— Фаддей Венедиктович, если помните, ранние визиты никогда не доставляли мне удовольствия.
— Тогда я имел меньше прав на них… Тогда вы меня не любили.
— Зато теперь, спустя столько лет, я имела возможность оценить силу вашей любви, которая не рассеялась до сих пор.
— Это правда, я люблю тебя! — я бросился к Лолине и заключил ее в объятья.
— А я только отдала долг…
— Так ты все-таки из-за архива… — я почувствовал, как всегда в ее присутствии, онемение, но необычного свойства — я хотел все знать и, одновременно, боялся этого.
— Нет, я отдала долг той верной любви, которую знаю сама, — сказала Собаньская. — Но больше мне отдать нечего.
— Но архив! Кто тебе сказал о нем? Зачем ты его требовала? Для кого?
— Прощайте, Фаддей Венедиктович. Не беспокойтесь, залоги я не возвращаю, зато тайны хранить умею…
Любви не было — это я понял и ушел. А вот в долгах Каролины я запутался. Кому она была должна больше: Пушкину, Бенкендорфу или, быть может, все-таки Витту? И кого она любила также страстно как я — ее? Верно — Витта, иначе что заставляет ее жить больше десятка лет на положении его любовницы?
Как бы там ни было — Пушкин не только спас мою честь, вернув архив, но и мою свободу, жизнь. Она могла стать малой жертвой, отданной для того, чтобы состоялось большое дело — восстание поляков, в котором Собаньская намерена участвовать. И поделом — я свое дело сделал, а поскольку в бунт не верю, то и пользы от меня никакой не будет. Верно ли, что самое сильное чувство Каролины — честолюбие? Кем она хочет стать? Польской богиней Либерте?
Что же осталось мне?
Опять в руках один пепел — а реально только то, что создаешь сам. И еще — Пушкин, с которым мы помирились, отказавшись от любви к одной женщине.
Глава 8
1
Дружеское чувство, только зарождавшееся ранее между мной и Пушкиным, после интриги с Каролиной Собаньской стало новым и сильным.

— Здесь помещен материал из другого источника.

(* Let $\Lambda$ be the preprojective algebra of a finite graph $\Gamma$ without loops, and let $q=\bigoplus_{i\in I} q_i^{\oplus a_i}$ with nonnegative integers $a_i$. Let $x$ be a finite-dimensional $\Lambda$-module isomorphic to a submodule of $q$. If $f_1:x\to q$ and $f_2:x\to q$ are two monomorphisms of $\Lambda$-modules, then there exists an automorphism $g:q\to q$ of $\Lambda$-modules such that $f_2=g f_1$.
   Context: $\Gamma$ is a finite unoriented graph without loops (multiple edges allowed) with vertex set $I$; $\Lambda$ is its preprojective algebra over $\mathbb{C}$ (in the sense of Gelfand–Ponomarev). For $i\in I$, $s_i$ is the one-dimensional simple $\Lambda$-module at vertex $i$ and $q_i$ is its injective hull. *)

theory Defs
  imports Complex_Main "HOL-Library.Function_Algebras"
begin

text \<open>A finite graph without loops (multiple edges allowed) with vertex type 'i is encoded,
as in Lusztig, by a finite set H (of elements of type 'h) of oriented edges of its double quiver, with source
and target maps, a fixed-point-free involution h to bar h reversing arrows, and an orientation
sign eps with eps (bar h) = - eps h.\<close>

type_synonym ('i,'h) graph = "'h set \<times> ('h \<Rightarrow> 'i) \<times> ('h \<Rightarrow> 'i) \<times> ('h \<Rightarrow> 'h) \<times> ('h \<Rightarrow> complex)"
lemma perm_mat_mult:
  assumes "\<And>i. i < n \<Longrightarrow> f i < n"
  shows "perm_mat n f * perm_mat n g = perm_mat n (\<lambda>i. g (f i))"
proof (rule eq_matI)
  fix i j assume "i < dim_row (perm_mat n (\<lambda>i. g (f i)))" "j < dim_col (perm_mat n (\<lambda>i. g (f i)))"
  then have i: "i < n" and j: "j < n" by simp_all
  have "(perm_mat n f * perm_mat n g) $$ (i, j) = (\<Sum>k<n. perm_mat n f $$ (i, k) * perm_mat n g $$ (k, j))"
    using i j by (simp add: scalar_prod_def atLeast0LessThan)
  also have "\<dots> = (\<Sum>k<n. if k = f i then perm_mat n g $$ (k, j) else 0)"
    using i by (intro sum.cong) simp_all
  also have "\<dots> = perm_mat n (\<lambda>i. g (f i)) $$ (i, j)"
    using i j assms[OF i] by simp
  finally show "(perm_mat n f * perm_mat n g) $$ (i, j) = perm_mat n (\<lambda>i. g (f i)) $$ (i, j)" .
qed simp_all

lemma perfect_shuffle_index_digits:
  "(x::nat) < q \<Longrightarrow> (x + q * y) mod q * r + (x + q * y) div q = x * r + y"
  by simp

lemma block_shuffle_index:
  fixes i D m :: nat
  shows "i div (D * m) * (D * m) + (i mod (D * m) mod D * m + i mod (D * m) div D) =
    i div D mod m + m * (i mod D + D * (i div D div m))"
proof (cases "D = 0 \<or> m = 0")
  case False
  define a c e where "a = i mod D" and "c = i div D mod m" and "e = i div D div m"
  have a: "a < D" and c: "c < m" using False by (simp_all add: a_def c_def)
  have "a + D * c < D * (c + 1)" using a by simp
  also have "\<dots> \<le> D * m" using c by (intro mult_le_mono2) simp
  finally have low: "a + D * c < D * m" .
  have "i = a + D * (c + m * e)" unfolding a_def c_def e_def by simp
  then have "i = (a + D * c) + (D * m) * e" by (simp add: algebra_simps)
  then have "i mod (D * m) = a + D * c" "i div (D * m) = e"
    using low False by (simp_all add: div_mult_self2)
  then show ?thesis
    using perfect_shuffle_index_digits[OF a, of c m] by (simp add: a_def c_def e_def algebra_simps)
qed auto
lemma dual_map_mult:
  assumes "coalgebra_map c eps t"
  shows "dual_map t (dual_mult c x y) = dual_mult c (dual_map t x) (dual_map t y)"
proof -
  have comul_basis: "(\<Sum>m\<in>UNIV. t m i * c m a b) = (\<Sum>j\<in>UNIV. \<Sum>l\<in>UNIV. t a j * t b l * c i j l)"
    for i a b
  proof -
    have "comul c (lin t (\<lambda>k. if k = i then 1 else 0)) a b
        = lin_tensor t (comul c (\<lambda>k. if k = i then 1 else 0)) a b"
      using assms by (simp add: coalgebra_map_def)
    then show ?thesis by (simp add: comul_def lin_def lin_tensor_def)
  qed
  have "dual_map t (dual_mult c x y) $ i = dual_mult c (dual_map t x) (dual_map t y) $ i" for i
  proof -
    have "dual_map t (dual_mult c x y) $ i
        = (\<Sum>m\<in>UNIV. \<Sum>a\<in>UNIV. \<Sum>b\<in>UNIV. t m i * c m a b * (x $ a * y $ b))"
      by (simp add: dual_map_def dual_mult_def sum_distrib_left mult_ac)
    also have "\<dots> = (\<Sum>a\<in>UNIV. \<Sum>b\<in>UNIV. (\<Sum>m\<in>UNIV. t m i * c m a b) * (x $ a * y $ b))"
      by (subst sum_cycle3) (simp only: sum_distrib_right)
    also have "\<dots> = (\<Sum>a\<in>UNIV. \<Sum>b\<in>UNIV. \<Sum>j\<in>UNIV. \<Sum>l\<in>UNIV. t a j * t b l * c i j l * (x $ a * y $ b))"
      by (simp only: comul_basis sum_distrib_right)
    also have "\<dots> = (\<Sum>j\<in>UNIV. \<Sum>l\<in>UNIV. \<Sum>a\<in>UNIV. \<Sum>b\<in>UNIV. t a j * t b l * c i j l * (x $ a * y $ b))"
      by (subst (1 2) sum_cycle4) (rule refl)
    also have "\<dots> = dual_mult c (dual_map t x) (dual_map t y) $ i"
      by (simp add: dual_map_def dual_mult_def sum_distrib_left sum_distrib_right mult_ac)
    finally show ?thesis .
  qed
  then show ?thesis by (simp add: vec_eq_iff)
qed

lemma vec_subspace_vec_nth_vimage:
  fixes D :: "('i::finite \<Rightarrow> 'k::field) set"
  assumes "is_subspace D"
  shows "vec.subspace (vec_nth -` D)"
proof -
  have "vec_nth (0::'k^'i) = (\<lambda>_. 0)"
    "vec_nth (w1 + w2) = (\<lambda>i. vec_nth w1 i + vec_nth w2 i)"
    "vec_nth (a *s w1) = (\<lambda>i. a * vec_nth w1 i)" for a and w1 w2 :: "'k^'i"
    by (simp_all add: fun_eq_iff)
  then show ?thesis using assms unfolding vec.subspace_def is_subspace_def by auto
qed

lemma sum_in_subspace:
  assumes D: "is_subspace D" and "finite A" and "\<forall>l\<in>A. g l \<in> D"
  shows "(\<lambda>j. \<Sum>l\<in>A. g l j) \<in> D"
  using assms(2,3)
proof (induct A rule: finite_induct)
  case empty then show ?case using D by (simp add: is_subspace_def)
next
  case (insert x F)
  have "\<forall>y\<in>D. \<forall>y'\<in>D. (\<lambda>i. y i + y' i) \<in> D" using D by (simp add: is_subspace_def)
  then have "(\<lambda>i. g x i + (\<Sum>l\<in>F. g l i)) \<in> D" using insert by simp
  then show ?case using insert by simp
qed

lemma tensor_sq_sum:
  fixes g h :: "'i::finite \<Rightarrow> 'i \<Rightarrow> 'k::field"
  assumes D: "is_subspace D" and g: "\<And>l. g l \<in> D" and h: "\<And>l. h l \<in> D"
  shows "(\<lambda>j l'. \<Sum>l\<in>UNIV. g l j * h l l') \<in> tensor_sq D"
proof -
  define E where "E = h ` UNIV"
  define G where "G e = (\<lambda>j. \<Sum>l\<in>{l. h l = e}. g l j)" for e
  define F where "F = (\<lambda>e. (G e, e)) ` E"
  have G_in_D: "G e \<in> D" for e unfolding G_def by (rule sum_in_subspace[OF D]) (auto simp: g)
  have "finite F" "F \<subseteq> D \<times> D" using G_in_D h by (auto simp: F_def E_def)
  moreover have "(\<lambda>j l'. \<Sum>l\<in>UNIV. g l j * h l l') = (\<lambda>j l'. \<Sum>(d, e)\<in>F. d j * e l')"
  proof (intro ext)
    fix j l'
    have "(\<Sum>(d, e)\<in>F. d j * e l') = (\<Sum>e\<in>E. G e j * e l')"
      unfolding F_def by (subst sum.reindex) (auto simp: inj_on_def)
    also have "\<dots> = (\<Sum>e\<in>E. \<Sum>l\<in>{l. h l = e}. g l j * h l l')"
      unfolding G_def sum_distrib_right by (intro sum.cong refl) auto
    also have "\<dots> = (\<Sum>l\<in>UNIV. g l j * h l l')"
      using sum.image_gen[of UNIV "\<lambda>l. g l j * h l l'" h] by (simp add: E_def)
    finally show "(\<Sum>l\<in>UNIV. g l j * h l l') = (\<Sum>(d, e)\<in>F. d j * e l')" by simp
  qed
  ultimately show ?thesis unfolding tensor_sq_def by blast
qed

text \<open>Expand every row of \<open>M\<close> through a projection \<open>pr\<close> onto \<open>D\<close>:
  \<open>M = \<Sum>\<^sub>l (column l of M) \<otimes> pr(e\<^sub>l)\<close>.\<close>

lemma tensor_sq_if_rows_columns:
  fixes M :: "'i::finite \<Rightarrow> 'i \<Rightarrow> 'k::field"
  assumes D: "is_subspace D"
    and columns: "\<And>l. (\<lambda>j. M j l) \<in> D" and rows: "\<And>j. (\<lambda>l. M j l) \<in> D"
  shows "M \<in> tensor_sq D"
proof -
  let ?V = "vec_nth -` D :: ('k^'i) set"
  obtain pr where pr: "range pr \<subseteq> ?V" "Vector_Spaces.linear (*s) (*s) pr" "\<forall>v\<in>?V. pr v = v"
    using vec.linear_exists_left_inverse_on[OF vec.linear_id vec_subspace_vec_nth_vimage[OF D]]
    by auto
  have "M = (\<lambda>j l'. \<Sum>l\<in>UNIV. M j l * pr (axis l 1) $ l')"
  proof (intro ext)
    fix j l'
    have "(\<chi> l. M j l) \<in> ?V" using rows[of j] by (simp add: vec_lambda_inverse)
    then have "(\<chi> l. M j l) = pr (\<Sum>l\<in>UNIV. M j l *s axis l 1)"
      using pr(3) basis_expansion[of "\<chi> l. M j l"] by simp
    also have "\<dots> = (\<Sum>l\<in>UNIV. M j l *s pr (axis l 1))"
      by (simp add: vec.linear_sum[OF pr(2)] vec.linear_scale[OF pr(2)])
    finally have "(\<chi> l. M j l) $ l' = (\<Sum>l\<in>UNIV. M j l *s pr (axis l 1)) $ l'" by simp
    then show "M j l' = (\<Sum>l\<in>UNIV. M j l * pr (axis l 1) $ l')" by (simp add: sum_component)
  qed
  also have "\<dots> \<in> tensor_sq D"
    using tensor_sq_sum[OF D, of "\<lambda>l j. M j l" "\<lambda>l. vec_nth (pr (axis l 1))"] columns pr(1)
    by auto
  finally show ?thesis .
qed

Тут уж или расходиться навек, или доверять друг другу, словно родные братья. Я отбросил все расчеты и отдался чистому чувству — какие могут быть счеты между братьями, даже если они совершенно разные люди!
А близкие не могут долго быть друг без друга. Уже на следующий день я послал Пушкину записку с приглашением на дружескую пирушку в честь примирения. К сожалению, Александр Сергеевич был занят. Он поблагодарил меня в самых любезных выражениях и попросил встречу немного отложить — так случилось, что все ближайшие вечера у него были ангажированы. Через неделю я снова написал Пушкину, ждал два дни и, не получив известия от Пушкина, отправился к нему в гостиницу днем — в такое время, когда балов не проводят.
Пушкин был по виду чем-то недоволен, но встретил меня довольно любезно. Он все еще одет в халат (значит — работал), а в руке держал курительную трубку.
— Здравствуйте, Фаддей Венедиктович! Очень рад.
— Извините, что явился нахрапом, Александр Сергеевич. Надеялся, что вы уже кончили на сегодня занятия или сделаете короткий перерыв. Хотел пригласить вас на прогулку. Впрочем, если вам некогда, то я удалюсь.
— Что вы, что вы, Фаддей Венедиктович, располагайтесь пока, а я оденусь. Работу я уже оставил, читал, и как раз сам собирался выйти.
Пушкин облачился, прихватил тяжелую трость, и мы вышли на улицу.
— Пройдемся? — предложил я, поскольку был утомлен утренними занятиями за письменным столом. — Или у вас намечено какое-то дело?
Пушкин замялся.
— Да нет, ничего определенного.
Я приказал извозчику ехать следом, и мы отправились гулять вверх по набережной Мойки. В разговоре мы не касались близкого прошлого — нашего разрыва и Каролины, которая невольно послужила нам к сближению. По обоюдному молчаливому согласию мы решили эти темы придать забвению.
— Представьте, я жил в этом месте перед учебой в Лицее. Правда — подальше, — Пушкин махнул рукой вдоль улицы. — Там была еще одна лавочка — я любил покупать в ней восточные сласти. Интересно: она сохранилась?
— Очень возможно, — сказал я.
— Но ведь с тех пор изменился весь мир, пал Наполеон, Россия пережила заговор, у кормила власти утвердился новый император.